Please give back only the lines below from the one containing "unfolding direct_prod_verts_def cycle_verts_def" to the one containing "using assms by (simp add: nbhd_direct_prod", each repeated word for word, both ends included.

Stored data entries
§ §
lemma mod_succ: "(a::nat) < m \<Longrightarrow> (a + 1) mod m = (if a + 1 = m then 0 else a + 1)"
  by (simp add: Suc_lessI)

lemma mod_pred: "(a::nat) < m \<Longrightarrow> (a + m - 1) mod m = (if a = 0 then m - 1 else a - 1)"
proof (cases a)
  case (Suc b)
  assume "a < m"
  then have "a + m - 1 = b + m" using Suc by simp
  then show ?thesis using Suc \<open>a < m\<close> by simp
qed simp

lemma mod_pred_add_2: "(a::nat) < m \<Longrightarrow> ((a + m - 1) mod m + 2) mod m = (a + 1) mod m"
proof -
  assume "a < m"
  then have "(a + m - 1) + 2 = (a + 1) + m" by simp
  then show ?thesis by (metis mod_add_left_eq mod_add_self2)
qed

lemma cycle_nbhd:
  assumes "3 \<le> m" "a < m"
  shows "nbhd (cycle_verts m) (cycle_adj m) a = {(a + 1) mod m, (a + m - 1) mod m}"
proof -
  have "cycle_adj m a c \<longleftrightarrow> c = (a + 1) mod m \<or> c = (a + m - 1) mod m" if "c < m" for c
    using assms that unfolding cycle_adj_def
    by (simp only: mod_succ mod_pred) (auto split: if_splits)
  then show ?thesis
    using assms unfolding nbhd_def cycle_verts_def by auto
qed

lemma cycle_succ_ne_pred:
  assumes "3 \<le> m" "(a::nat) < m"
  shows "(a + 1) mod m \<noteq> (a + m - 1) mod m"
  using assms by (simp only: mod_succ mod_pred) (auto split: if_splits)

abbreviation torus_verts :: "nat \<Rightarrow> nat \<Rightarrow> (nat \<times> nat) set" where
  "torus_verts m n \<equiv> direct_prod_verts (cycle_verts m) (cycle_verts n)"

abbreviation torus_adj :: "nat \<Rightarrow> nat \<Rightarrow> nat \<times> nat \<Rightarrow> nat \<times> nat \<Rightarrow> bool" where
  "torus_adj m n \<equiv> direct_prod_adj (cycle_adj m) (cycle_adj n)"

lemma torus_verts_eq: "torus_verts m n = {0..<m} \<times> {0..<n}"
  unfolding direct_prod_verts_def cycle_verts_def by simp

lemma torus_nbhd:
  assumes "3 \<le> m" "3 \<le> n" "a < m" "b < n"
  shows "nbhd (torus_verts m n) (torus_adj m n) (a, b) =
           {(a + 1) mod m, (a + m - 1) mod m} \<times> {(b + 1) mod n, (b + n - 1) mod n}"
  using assms by (simp add: nbhd_direct_prod cycle_nbhd)

(* The label sum over the four corners {i, i+2} x {j, j+2} of a 2 x 2 square.
   These are exactly the neighbourhoods in C_m x C_n. *)
definition square_sum :: "(nat \<times> nat \<Rightarrow> nat) \<Rightarrow> nat \<Rightarrow> nat \<Rightarrow> nat \<Rightarrow> nat \<Rightarrow> nat" where
  "square_sum l m n i j =
     l (i, j) + l (i, (j + 2) mod n) + l ((i + 2) mod m, j) + l ((i + 2) mod m, (j + 2) mod n)"

lemma torus_nbhd_sum:
  assumes "3 \<le> m" "3 \<le> n" "a < m" "b < n"
  shows "(\<Sum>y\<in>nbhd (torus_verts m n) (torus_adj m n) (a, b). l y) =
           square_sum l m n ((a + m - 1) mod m) ((b + n - 1) mod n)"
proof -
  define i where "i = (a + m - 1) mod m"
  define j where "j = (b + n - 1) mod n"
  have i: "(i + 2) mod m = (a + 1) mod m" "i \<noteq> (a + 1) mod m"
    using mod_pred_add_2 cycle_succ_ne_pred assms unfolding i_def by metis+
  have j: "(j + 2) mod n = (b + 1) mod n" "j \<noteq> (b + 1) mod n"
    using mod_pred_add_2 cycle_succ_ne_pred assms unfolding j_def by metis+
  have "nbhd (torus_verts m n) (torus_adj m n) (a, b) = {i, (a + 1) mod m} \<times> {j, (b + 1) mod n}"
    unfolding torus_nbhd[OF assms] i_def j_def by blast
  then show ?thesis
    using i(2) j(2) unfolding i_def[symmetric] j_def[symmetric] square_sum_def i(1) j(1)
    by (simp add: add.assoc)
qed

lemma torus_magic_iff:
  assumes "3 \<le> m" "3 \<le> n"
  shows "distance_magic_labeling (torus_verts m n) (torus_adj m n) l \<longleftrightarrow>
           bij_betw l ({0..<m} \<times> {0..<n}) {1..m * n} \<and>
           (\<exists>k. \<forall>i<m. \<forall>j<n. square_sum l m n i j = k)"
proof -
  have pred_range: "(a + m - 1) mod m < m" "(b + n - 1) mod n < n" for a b
    using assms by simp_all
  have pred_succ: "((i + 1) mod m + m - 1) mod m = i" "((j + 1) mod n + n - 1) mod n = j"
    if "i < m" "j < n" for i j
    using that by (simp_all only: mod_succ mod_pred) (auto split: if_splits)
  have "(\<forall>x\<in>torus_verts m n. (\<Sum>y\<in>nbhd (torus_verts m n) (torus_adj m n) x. l y) = k) \<longleftrightarrow>
        (\<forall>i<m. \<forall>j<n. square_sum l m n i j = k)" for k
  proof
    assume sums: "\<forall>x\<in>torus_verts m n. (\<Sum>y\<in>nbhd (torus_verts m n) (torus_adj m n) x. l y) = k"
    show "\<forall>i<m. \<forall>j<n. square_sum l m n i j = k"
    proof (intro allI impI)
      fix i j assume "i < m" "j < n"
      have "(i + 1) mod m < m" "(j + 1) mod n < n" using assms by simp_all
      then have "((i + 1) mod m, (j + 1) mod n) \<in> torus_verts m n"
        unfolding torus_verts_eq by simp
      then have "(\<Sum>y\<in>nbhd (torus_verts m n) (torus_adj m n) ((i + 1) mod m, (j + 1) mod n). l y) = k"
        using sums by blast
      then show "square_sum l m n i j = k"
        unfolding torus_nbhd_sum[OF assms \<open>(i + 1) mod m < m\<close> \<open>(j + 1) mod n < n\<close>]
          pred_succ[OF \<open>i < m\<close> \<open>j < n\<close>] .
    qed
  next
    assume "\<forall>i<m. \<forall>j<n. square_sum l m n i j = k"
    then show "\<forall>x\<in>torus_verts m n. (\<Sum>y\<in>nbhd (torus_verts m n) (torus_adj m n) x. l y) = k"
      using torus_nbhd_sum[OF assms] pred_range unfolding torus_verts_eq by auto
  qed
  moreover have "card (torus_verts m n) = m * n" unfolding torus_verts_eq by simp
  ultimately show ?thesis
    unfolding distance_magic_labeling_def torus_verts_eq by simp
qed

(* If phi(i) + phi(i + 2) is constant on Z_M then phi has period 4; if moreover
   4 does not divide M, shifting by 4 eventually shifts by 2, so phi has period 2. *)
lemma alternating_sum_period_4:
  fixes \<phi> :: "nat \<Rightarrow> 'a::cancel_ab_semigroup_add"
  assumes "0 < M" and sums: "\<forall>i<M. \<phi> i + \<phi> ((i + 2) mod M) = c" and "i < M"
  shows "\<phi> ((i + 4 * t) mod M) = \<phi> i"
proof (induction t)
  case 0
  show ?case using \<open>i < M\<close> by simp
next
  case (Suc t)
  define i' where "i' = (i + 4 * t) mod M"
  define i'' where "i'' = (i' + 2) mod M"
  have "i' < M" "i'' < M" unfolding i'_def i''_def using \<open>0 < M\<close> by simp_all
  then have "\<phi> i'' + \<phi> i' = \<phi> i'' + \<phi> ((i'' + 2) mod M)"
    using sums unfolding i''_def by (metis add.commute)
  then have "\<phi> ((i'' + 2) mod M) = \<phi> i'" by simp
  moreover have "(i'' + 2) mod M = (i + 4 * Suc t) mod M"
  proof -
    have "(i'' + 2) mod M = (i' + 2 + 2) mod M" unfolding i''_def by (rule mod_add_left_eq)
    also have "i' + 2 + 2 = i' + 4" by simp
    also have "(i' + 4) mod M = (i + 4 * t + 4) mod M" unfolding i'_def by (rule mod_add_left_eq)
    also have "i + 4 * t + 4 = i + 4 * Suc t" by simp
    finally show ?thesis .
  qed
  ultimately show ?case using Suc.IH unfolding i'_def by simp
qed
§ §
**Task result**
  unfolding direct_prod_verts_def cycle_verts_def by simp

lemma torus_nbhd:
  assumes "3 \<le> m" "3 \<le> n" "a < m" "b < n"
  shows "nbhd (torus_verts m n) (torus_adj m n) (a, b) =
           {(a + 1) mod m, (a + m - 1) mod m} \<times> {(b + 1) mod n, (b + n - 1) mod n}"
  using assms by (simp add: nbhd_direct_prod cycle_nbhd)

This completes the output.